*** Dataset content ***

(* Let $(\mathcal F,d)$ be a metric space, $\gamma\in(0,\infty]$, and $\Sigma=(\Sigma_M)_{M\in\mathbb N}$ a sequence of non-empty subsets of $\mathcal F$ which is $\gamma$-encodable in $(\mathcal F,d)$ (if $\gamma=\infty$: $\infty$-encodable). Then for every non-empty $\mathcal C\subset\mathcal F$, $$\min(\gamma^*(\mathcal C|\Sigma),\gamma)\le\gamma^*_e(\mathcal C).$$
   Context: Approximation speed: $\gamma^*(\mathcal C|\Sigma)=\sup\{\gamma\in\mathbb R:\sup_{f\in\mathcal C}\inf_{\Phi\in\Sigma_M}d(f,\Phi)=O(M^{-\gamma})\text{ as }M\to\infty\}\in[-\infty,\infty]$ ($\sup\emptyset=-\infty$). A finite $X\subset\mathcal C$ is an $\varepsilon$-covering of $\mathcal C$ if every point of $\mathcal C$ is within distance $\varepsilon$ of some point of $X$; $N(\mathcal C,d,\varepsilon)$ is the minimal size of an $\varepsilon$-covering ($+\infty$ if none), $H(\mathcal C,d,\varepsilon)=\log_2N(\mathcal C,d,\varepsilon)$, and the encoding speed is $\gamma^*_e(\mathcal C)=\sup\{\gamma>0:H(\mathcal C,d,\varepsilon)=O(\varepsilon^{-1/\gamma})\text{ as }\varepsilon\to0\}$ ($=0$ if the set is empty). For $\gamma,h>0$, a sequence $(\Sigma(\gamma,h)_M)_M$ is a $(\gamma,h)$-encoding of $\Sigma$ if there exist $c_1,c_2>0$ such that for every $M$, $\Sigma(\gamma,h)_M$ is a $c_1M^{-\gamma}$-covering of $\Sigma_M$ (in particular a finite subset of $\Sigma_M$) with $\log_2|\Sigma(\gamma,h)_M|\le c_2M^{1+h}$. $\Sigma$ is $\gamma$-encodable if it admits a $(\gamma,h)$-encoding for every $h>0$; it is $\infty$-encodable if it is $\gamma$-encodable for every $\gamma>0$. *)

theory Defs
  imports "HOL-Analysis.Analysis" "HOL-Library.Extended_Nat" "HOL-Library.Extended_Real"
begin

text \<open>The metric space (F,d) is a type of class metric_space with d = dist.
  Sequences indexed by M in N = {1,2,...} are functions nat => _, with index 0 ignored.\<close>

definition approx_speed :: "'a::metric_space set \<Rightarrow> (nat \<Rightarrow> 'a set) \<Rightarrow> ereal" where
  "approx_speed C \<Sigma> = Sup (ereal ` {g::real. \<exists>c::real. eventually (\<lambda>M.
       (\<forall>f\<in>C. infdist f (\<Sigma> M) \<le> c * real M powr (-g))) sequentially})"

*** End of Dataset content ***

# Exercise directions:
From the records above, reproduce exactly the lines from the one with "Context: Approximation speed: $\gamma^*(\mathcal" to the one with "theory Defs", both included, and no others.

# Answer to this exercise:
   Context: Approximation speed: $\gamma^*(\mathcal C|\Sigma)=\sup\{\gamma\in\mathbb R:\sup_{f\in\mathcal C}\inf_{\Phi\in\Sigma_M}d(f,\Phi)=O(M^{-\gamma})\text{ as }M\to\infty\}\in[-\infty,\infty]$ ($\sup\emptyset=-\infty$). A finite $X\subset\mathcal C$ is an $\varepsilon$-covering of $\mathcal C$ if every point of $\mathcal C$ is within distance $\varepsilon$ of some point of $X$; $N(\mathcal C,d,\varepsilon)$ is the minimal size of an $\varepsilon$-covering ($+\infty$ if none), $H(\mathcal C,d,\varepsilon)=\log_2N(\mathcal C,d,\varepsilon)$, and the encoding speed is $\gamma^*_e(\mathcal C)=\sup\{\gamma>0:H(\mathcal C,d,\varepsilon)=O(\varepsilon^{-1/\gamma})\text{ as }\varepsilon\to0\}$ ($=0$ if the set is empty). For $\gamma,h>0$, a sequence $(\Sigma(\gamma,h)_M)_M$ is a $(\gamma,h)$-encoding of $\Sigma$ if there exist $c_1,c_2>0$ such that for every $M$, $\Sigma(\gamma,h)_M$ is a $c_1M^{-\gamma}$-covering of $\Sigma_M$ (in particular a finite subset of $\Sigma_M$) with $\log_2|\Sigma(\gamma,h)_M|\le c_2M^{1+h}$. $\Sigma$ is $\gamma$-encodable if it admits a $(\gamma,h)$-encoding for every $h>0$; it is $\infty$-encodable if it is $\gamma$-encodable for every $\gamma>0$. *)

theory Defs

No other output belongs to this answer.